養育里親の歩み(その3)

戦後の混乱期

戦争の後の緊急の課題として戦災孤児と結核児童の問題が浮上し、児童養護施設の増設と病児施設の整備が進められていった。戦災孤児が海外に養子として渡っていったのもこの時期である。終戦直後は財政的理由から入所型施設を主とせざるを得ない事情があり、集団養育が定着していった。一方、養子縁組は継承されて戦後を迎えるが、その後は急速に養子縁組の件数が減り始めている。家族意識の変化の背景には社会構造の急変や家制度廃止があると考えられる。

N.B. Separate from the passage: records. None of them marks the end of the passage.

lemma abs_dPpi_le: "\<bar>path.dPpi x z\<bar> \<le> 2 * norm u * Ppi P pi_t0 x z"
proof -
  have "\<bar>path.dPpi x z\<bar> \<le> (\<Sum>a\<in>UNIV. 2 * norm u * pi_t0 x a * P x a z)"
    unfolding path.dPpi_def
    by (intro order.trans[OF sum_abs] sum_mono)
      (simp add: abs_mult abs_of_nonneg[OF P_nonneg] mult_right_mono[OF abs_dpi_le P_nonneg])
  also have "\<dots> = 2 * norm u * Ppi P pi_t0 x z" by (simp add: Ppi_def sum_distrib_left mult.assoc)
  finally show ?thesis .
qed

lemma sum_softmax_abs_dqvalue_le:
  "(\<Sum>a\<in>UNIV. pi_t0 s a * \<bar>dqvalue s a\<bar>) \<le> gamma * (\<Sum>z\<in>UNIV. Ppi P pi_t0 s z * \<bar>dvalue z\<bar>)"
proof -
  have "\<bar>dqvalue s a\<bar> \<le> gamma * (\<Sum>z\<in>UNIV. P s a z * \<bar>dvalue z\<bar>)" for a
    unfolding dqvalue_def abs_mult abs_of_nonneg[OF gamma_nonneg]
    by (intro mult_left_mono gamma_nonneg order.trans[OF sum_abs] sum_mono) (simp add: abs_mult P_nonneg)
  then have "(\<Sum>a\<in>UNIV. pi_t0 s a * \<bar>dqvalue s a\<bar>)
      \<le> (\<Sum>a\<in>UNIV. pi_t0 s a * (gamma * (\<Sum>z\<in>UNIV. P s a z * \<bar>dvalue z\<bar>)))"
    using softmax_pos[THEN less_imp_le] by (intro sum_mono mult_left_mono)
  also have "\<dots> = gamma * (\<Sum>z\<in>UNIV. Ppi P pi_t0 s z * \<bar>dvalue z\<bar>)"
    unfolding Ppi_def sum_distrib_left sum_distrib_right
    by (subst sum.swap) (simp add: mult_ac)
  finally show ?thesis .
qed
(* Let $n\ge2$, $m\in\mathbb{Z}_{>0}$, $q\in(-1,1)$. For every $\mu\in\Lambda^{(m+1,n)}_{\texttt{a}}\setminus\Lambda^{(m,n)}_{\texttt{a}}$ define \[ Q_{\texttt{a};\mu}(\boldsymbol{\xi})=P_{\texttt{a};\mu}(\boldsymbol{\xi};q)-q^{\mathrm{m}_{\mu_1}(\mu)\,\mathrm{m}_{\mu_n}(\mu)}P_{\texttt{a};\mu-\omega_{\texttt{a};\mu}}(\boldsymbol{\xi};q),\quad \omega_{\texttt{a};\mu}=\sum_{j=1}^{\min(\mathrm{m}_{\mu_1}(\mu),\mathrm{m}_{\mu_n}(\mu))}\bigl(e_{\mathrm{m}_{\mu_1}(\mu)+1-j}-e_{n-\mathrm{m}_{\mu_n}(\mu)+j}\bigr). \] Then $Q_{\texttt{a};\mu}(\boldsymbol{\xi}^{(m,n)}_{\texttt{a};\lambda})=0$ for all $\lambda\in\Lambda^{(m,n)}_{\texttt{a}}$ and all $\mu\in\Lambda^{(m+1,n)}_{\texttt{a}}\setminus\Lambda^{(m,n)}_{\texttt{a}}$; i.e. the nodes are common roots of these $\binom{m+n-1}{m+1}$ polynomials.
   Context: $\mathrm{m}_x(\mathbf{x})=|\{1\le j\le n: x_j=x\}|$ for $\mathbf{x}\in\mathbb{R}^n$. Let $e_1,\dots,e_n$ be the standard basis of $\mathbb{R}^n$, $\omega_j=e_1+\dots+e_j-\frac{j}{n}(e_1+\dots+e_n)$ ($j=1,\dots,n-1$), and for an integer $D\ge0$, $\Lambda^{(D,n)}_{\texttt{a}}=\{l_1\omega_1+\dots+l_{n-1}\omega_{n-1}: l_j\in\mathbb{Z}_{\ge0},\ l_1+\dots+l_{n-1}\le D\}$. For $\mu$ in the $\mathbb{Z}$-span of the $\omega_j$: $C_{\texttt{a}}(\boldsymbol{\xi};q)=\prod_{1\le j<k\le n}\frac{1-qe^{-i(\xi_j-\xi_k)}}{1-e^{-i(\xi_j-\xi_k)}}$, $P_{\texttt{a};\mu}(\boldsymbol{\xi};q)=\sum_{\sigma\in S_n}C_{\texttt{a}}(\xi_{\sigma_1},\dots,\xi_{\sigma_n};q)\exp(i\sum_j\xi_{\sigma_j}\mu_j)$. Let $u_q(\theta)=\frac{1-q^2}{1-2q\cos\theta+q^2}$, $v_q(\vartheta)=\int_0^\vartheta u_q(\theta)\,\mathrm{d}\theta$, $\varrho_{\texttt{a};j}=\frac12(n+1-2j)$. For $\lambda\in\Lambda^{(m,n)}_{\texttt{a}}$, $\boldsymbol{\xi}^{(m,n)}_{\texttt{a};\lambda}\in\mathbb{R}^n$ is the unique solution of $m\xi_j+\sum_{k\ne j}v_q(\xi_j-\xi_k)=2\pi(\lambda_j+\varrho_{\texttt{a};j})$, $j=1,\dots,n$ (the unique minimizer of an associated strictly convex function). *)

theory Defs
  imports "HOL-Analysis.Analysis" "HOL-Combinatorics.Permutations"
begin

text \<open>Vectors in R^n are represented as functions nat => real; only the
  coordinates 1..n are meaningful (all constructed vectors vanish outside 1..n).\<close>

definition multiplicity_in :: "real \<Rightarrow> (nat \<Rightarrow> real) \<Rightarrow> nat \<Rightarrow> nat" where
  "multiplicity_in x v n = card {j \<in> {1..n}. v j = x}"
lemma sum_inverse_squares_pos_int_le:
  assumes "finite K" "K \<subseteq> {0<..}"
  shows "(\<Sum>k\<in>K. 1 / (real_of_int k)\<^sup>2) \<le> pi\<^sup>2 / 6"
proof -
  have basel: "(\<lambda>j. 1 / (1 + real j)\<^sup>2) sums (pi\<^sup>2 / 6)"
    using inverse_squares_sums by simp
  have "inj_on (\<lambda>k. nat (k - 1)) K"
    using assms(2) by (intro inj_onI) (smt (verit) greaterThan_iff nat_0_le subsetD)
  moreover have "1 + real (nat (k - 1)) = real_of_int k" if "k \<in> K" for k
    using assms(2) that by (auto simp: of_nat_diff)
  ultimately have "(\<Sum>k\<in>K. 1 / (real_of_int k)\<^sup>2) = (\<Sum>j\<in>(\<lambda>k. nat (k - 1)) ` K. 1 / (1 + real j)\<^sup>2)"
    by (simp add: sum.reindex)
  also have "\<dots> \<le> pi\<^sup>2 / 6"
    using sum_le_suminf[OF sums_summable[OF basel]] sums_unique[OF basel] assms(1) by simp
  finally show ?thesis .
qed

lemma sum_inverse_squares_nonzero_int_le:
  assumes "finite K" "0 \<notin> K"
  shows "(\<Sum>k\<in>K. 1 / (real_of_int k)\<^sup>2) \<le> pi\<^sup>2 / 3"
proof -
  let ?f = "\<lambda>k. 1 / (real_of_int k)\<^sup>2"
  have "sum ?f K = sum ?f ({k\<in>K. 0 < k} \<union> {k\<in>K. k < 0})"
    using assms(2) by (intro arg_cong[where f = "sum ?f"]) (auto simp: linorder_not_less order.order_iff_strict)
  also have "\<dots> = sum ?f {k\<in>K. 0 < k} + sum ?f {k\<in>K. k < 0}"
    using assms(1) by (intro sum.union_disjoint) auto
  also have "sum ?f {k\<in>K. k < 0} = sum ?f (uminus ` {k\<in>K. k < 0})"
    by (simp add: sum.reindex)
  also have "sum ?f {k\<in>K. 0 < k} + sum ?f (uminus ` {k\<in>K. k < 0}) \<le> pi\<^sup>2 / 6 + pi\<^sup>2 / 6"
    using assms(1) by (intro add_mono sum_inverse_squares_pos_int_le) auto
  finally show ?thesis by simp
qed

lemma norm_phi_le:
  assumes "0 < t" "t \<le> 1" "i \<noteq> j"
  shows "cmod (phi t i j) \<le> (sqrt t + 1 / sqrt t) / \<bar>real_of_int (i - j)\<bar>"
proof -
  let ?q = "qnum t (real_of_int (i - j) / 2)"
  have "\<bar>real_of_int (i - j)\<bar> \<le> (sqrt t + 1 / sqrt t) * \<bar>?q\<bar>"
    using assms(1,2) by (rule abs_int_le_qnum_half)
  moreover have "0 < \<bar>real_of_int (i - j)\<bar>"
    using assms(3) by simp
  ultimately have "0 < \<bar>?q\<bar>"
    using assms(1) by (smt (verit) mult_nonneg_nonpos real_sqrt_gt_0_iff zero_less_divide_1_iff)
  then show ?thesis
    using assms(3) \<open>\<bar>real_of_int (i - j)\<bar> \<le> _\<close> \<open>0 < \<bar>real_of_int (i - j)\<bar>\<close>
    by (simp add: phi_def norm_divide le_divide_eq divide_le_eq mult.commute)
qed

lemma phi_row_sum_squares_le:
  assumes "0 < t" "t \<le> 1" "finite M"
  shows "(\<Sum>m\<in>M. (cmod (phi t n m))\<^sup>2) \<le> (pi * (sqrt t + 1 / sqrt t) / sqrt 3)\<^sup>2"
proof -
  define B where "B = sqrt t + 1 / sqrt t"
  have "(\<Sum>m\<in>M. (cmod (phi t n m))\<^sup>2) = (\<Sum>m\<in>M - {n}. (cmod (phi t n m))\<^sup>2)"
    using assms(3) by (intro sum.mono_neutral_right) (auto simp: phi_def)
  also have "\<dots> \<le> (\<Sum>m\<in>M - {n}. B\<^sup>2 * (1 / (real_of_int (n - m))\<^sup>2))"
  proof (intro sum_mono)
    fix m assume "m \<in> M - {n}"
    then have "cmod (phi t n m) \<le> B / \<bar>real_of_int (n - m)\<bar>"
      using assms(1,2) unfolding B_def by (intro norm_phi_le) auto
    then show "(cmod (phi t n m))\<^sup>2 \<le> B\<^sup>2 * (1 / (real_of_int (n - m))\<^sup>2)"
      by (metis norm_ge_zero power_mono power_divide power2_abs times_divide_eq_right mult_1_right)
  qed
  also have "\<dots> = B\<^sup>2 * (\<Sum>k\<in>(\<lambda>m. n - m) ` (M - {n}). 1 / (real_of_int k)\<^sup>2)"
    by (simp add: sum_distrib_left sum.reindex inj_on_def)
  also have "\<dots> \<le> B\<^sup>2 * (pi\<^sup>2 / 3)"
    using assms(3) by (intro mult_left_mono sum_inverse_squares_nonzero_int_le) auto
  also have "\<dots> = (pi * B / sqrt 3)\<^sup>2"
    by (simp add: power_divide power_mult_distrib)
  finally show ?thesis unfolding B_def .
qed
lemma frob_line_eq_scaled_roots_of_unity:
  assumes c: "c \<in> frob_line q \<gamma>" "c \<noteq> 0" and "q > 0"
  shows "frob_line q \<gamma> = insert 0 ((\<lambda>w. c * w) ` {w. w ^ (q - 1) = 1})"
proof (intro equalityI subsetI)
  have power_q: "x ^ q = x ^ (q - 1) * x" for x :: 'a
    using assms(3) by (simp flip: power_Suc2)
  have \<gamma>: "\<gamma> \<noteq> 0"
    using c by (auto simp: frob_line_def)
  fix y
  show "y \<in> insert 0 ((\<lambda>w. c * w) ` {w. w ^ (q - 1) = 1})" if y: "y \<in> frob_line q \<gamma>"
  proof (cases "y = 0")
    case False
    have "y ^ q = y / \<gamma>" and "c ^ q = c / \<gamma>"
      using y c(1) \<gamma> by (simp_all add: frob_line_def field_simps)
    then have "(y / c) ^ q = y / c"
      using \<gamma> by (simp add: power_divide)
    then have "(y / c) ^ (q - 1) = 1"
      using False c(2) power_q[of "y / c"] by simp
    then show ?thesis
      by (intro insertI2 image_eqI[of y _ "y / c"]) (use c(2) in auto)
  qed (simp add: zero_in_frob_line assms(3))
  show "y \<in> frob_line q \<gamma>" if "y \<in> insert 0 ((\<lambda>w. c * w) ` {w. w ^ (q - 1) = 1})"
  proof -
    have "\<gamma> * (c * w) ^ q = c * w" if "w ^ (q - 1) = 1" for w
      using c(1) that power_q[of w] by (simp add: frob_line_def power_mult_distrib mult.assoc[symmetric])
    then show ?thesis
      using that assms(3) by (auto simp: frob_line_def)
  qed
qed

lemma inj_on_power_frob_line_iff:
  assumes card_eq: "card (frob_line q \<gamma>) = q" and "q \<ge> 2" and "k > 0"
  shows "inj_on (\<lambda>u. u ^ k) (frob_line q \<gamma>) \<longleftrightarrow> coprime k (q - 1)"
proof -
  have "\<not> frob_line q \<gamma> \<subseteq> {0}"
    using card_mono[of "{0}" "frob_line q \<gamma>"] card_eq \<open>q \<ge> 2\<close> by auto
  then obtain c where c: "c \<in> frob_line q \<gamma>" "c \<noteq> 0"
    by blast
  let ?U = "{w::'a. w ^ (q - 1) = 1}"
  have line: "frob_line q \<gamma> = insert 0 ((\<lambda>w. c * w) ` ?U)"
    using frob_line_eq_scaled_roots_of_unity[OF c] \<open>q \<ge> 2\<close> by simp
  have "0 \<notin> ?U"
    using \<open>q \<ge> 2\<close> by (simp add: power_0_left)
  moreover have "finite ?U"
    using \<open>q \<ge> 2\<close> by (intro finite_roots_of_unity) simp
  moreover have "card ((\<lambda>w. c * w) ` ?U) = card ?U"
    using c(2) by (intro card_image) (simp add: inj_on_def)
  ultimately have "card (frob_line q \<gamma>) = card ?U + 1"
    unfolding line using c(2) by (simp add: card_insert_disjoint image_iff)
  then have "card ?U = q - 1"
    using card_eq by simp
  then show ?thesis
    using inj_on_power_roots_of_unity_iff[of "q - 1" k]
      inj_on_power_insert_zero_scaled_iff[OF c(2) \<open>k > 0\<close> \<open>0 \<notin> ?U\<close>] line \<open>q \<ge> 2\<close>
    by simp
qed

lemma frob_trace_in_frob_line:
  fixes x :: "'a::field"
  assumes frob_add: "\<And>x y::'a. (x + y) ^ q = x ^ q + y ^ q"
    and frob_invol: "\<And>x::'a. (x ^ q) ^ q = x"
    and "\<gamma> ^ (q + 1) = 1"
  shows "x + \<gamma> * x ^ q \<in> frob_line q \<gamma>"
proof -
  have "\<gamma> * (x + \<gamma> * x ^ q) ^ q = \<gamma> * x ^ q + \<gamma> ^ (q + 1) * (x ^ q) ^ q"
    by (simp add: frob_add power_mult_distrib algebra_simps)
  then show ?thesis
    using assms(3) by (simp add: frob_line_def frob_invol add.commute)
qed

lemma factors_eq_of_square_le:
  fixes a b q :: nat
  assumes "a \<le> q" and "b \<le> q" and "q * q \<le> a * b"
  shows "a = q \<and> b = q"
proof -
  have "a * b \<le> a * q" and "a * b \<le> q * b"
    using assms(1,2) by simp_all
  then have "q * q \<le> a * q" and "q * q \<le> q * b"
    using assms(3) by linarith+
  then show ?thesis
    using assms(1,2) by (cases "q = 0") auto
qed

lemma frob_pair_bij:
  fixes \<alpha> \<beta> :: "'a::{field,finite}"
  assumes frob_add: "\<And>x y::'a. (x + y) ^ q = x ^ q + y ^ q"
    and frob_invol: "\<And>x::'a. (x ^ q) ^ q = x"
    and card: "CARD('a) = q ^ 2" and "q \<ge> 2"
    and "\<alpha> \<noteq> 0" and "\<beta> \<noteq> 0" and "\<alpha> \<noteq> \<beta>"
    and "\<alpha> ^ (q + 1) = 1" and "\<beta> ^ (q + 1) = 1"
  shows "bij_betw (\<lambda>x. (x + \<alpha> * x ^ q, x + \<beta> * x ^ q)) UNIV (frob_line q \<alpha> \<times> frob_line q \<beta>)"
    and "card (frob_line q \<alpha>) = q" and "card (frob_line q \<beta>) = q"
proof -
  let ?\<Phi> = "\<lambda>x. (x + \<alpha> * x ^ q, x + \<beta> * x ^ q)"
  let ?A = "frob_line q \<alpha>" and ?B = "frob_line q \<beta>"
  have inj: "inj ?\<Phi>"
  proof (rule injI)
    fix x y :: 'a
    assume "?\<Phi> x = ?\<Phi> y"
    then have "(x + \<alpha> * x ^ q) - (x + \<beta> * x ^ q) = (y + \<alpha> * y ^ q) - (y + \<beta> * y ^ q)"
      by simp
    then have "(\<alpha> - \<beta>) * x ^ q = (\<alpha> - \<beta>) * y ^ q"
      by (simp add: algebra_simps)
    then have "(x ^ q) ^ q = (y ^ q) ^ q"
      using \<open>\<alpha> \<noteq> \<beta>\<close> by simp
    then show "x = y"
      by (simp add: frob_invol)
  qed
  have sub: "range ?\<Phi> \<subseteq> ?A \<times> ?B"
    using frob_trace_in_frob_line[OF frob_add frob_invol] assms(8,9) by auto
  have "q * q \<le> card ?A * card ?B"
    using card_mono[OF _ sub] card_image[OF inj] card by (simp add: card_cartesian_product power2_eq_square)
  moreover have "card ?A \<le> q" and "card ?B \<le> q"
    using card_frob_line_le assms(4-6) by auto
  ultimately show card_A: "card ?A = q" and card_B: "card ?B = q"
    using factors_eq_of_square_le[of "card ?A" q "card ?B"] by simp_all
  have "range ?\<Phi> = ?A \<times> ?B"
    using sub card_image[OF inj] card card_A card_B
    by (intro card_subset_eq) (auto simp: card_cartesian_product power2_eq_square)
  then show "bij_betw ?\<Phi> UNIV (?A \<times> ?B)"
    using inj by (simp add: bij_betw_def)
qed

児童福祉法施行までにも目の前にいる浮浪児などへの取り組まざるを得ず、私人による保護活動が自然発生的に各地で興っている。児童養護施設へ移行する例もあったが、農業や漁業に従事させるなどの例、中には人身売買の様相を呈するものもあり、数年を待たずに制度が整備されて行った。戦後の児童福祉法にも里親制度が掲げられているが、里親といえば養子縁組のこととであり、養育里親は篤志家による例外的存在であった。

 昭和22年 児童福祉法公布(12月)
   23年 里親家庭運営要項(10月4日)
   24年 同居児童の届出規定
   26年 保護委託者制度

養子縁組をした後に、追加の子どもを養護施設や乳児院から頼まれて「縁組を前提としない子育て」の実践も見られた。施設の沿革などを見ると、養育里親と同じ役割を果すさまざまな実践が記録されている。

・千葉県の房総学園では、職親の要素の強いものであった。同じく市川市の知的障害児施設主導で障害児を地域の家庭で養育する実践もあった。この地域では里親が集まり里子の村といわれた時期もあったが、急速に終息を迎えていった。

・秋田県の場合は、篤志家が子どもを世話し農作業を一緒にしながら自立へ結びつけるものであった。時代が安定するにつれこの動きも終熄を迎える。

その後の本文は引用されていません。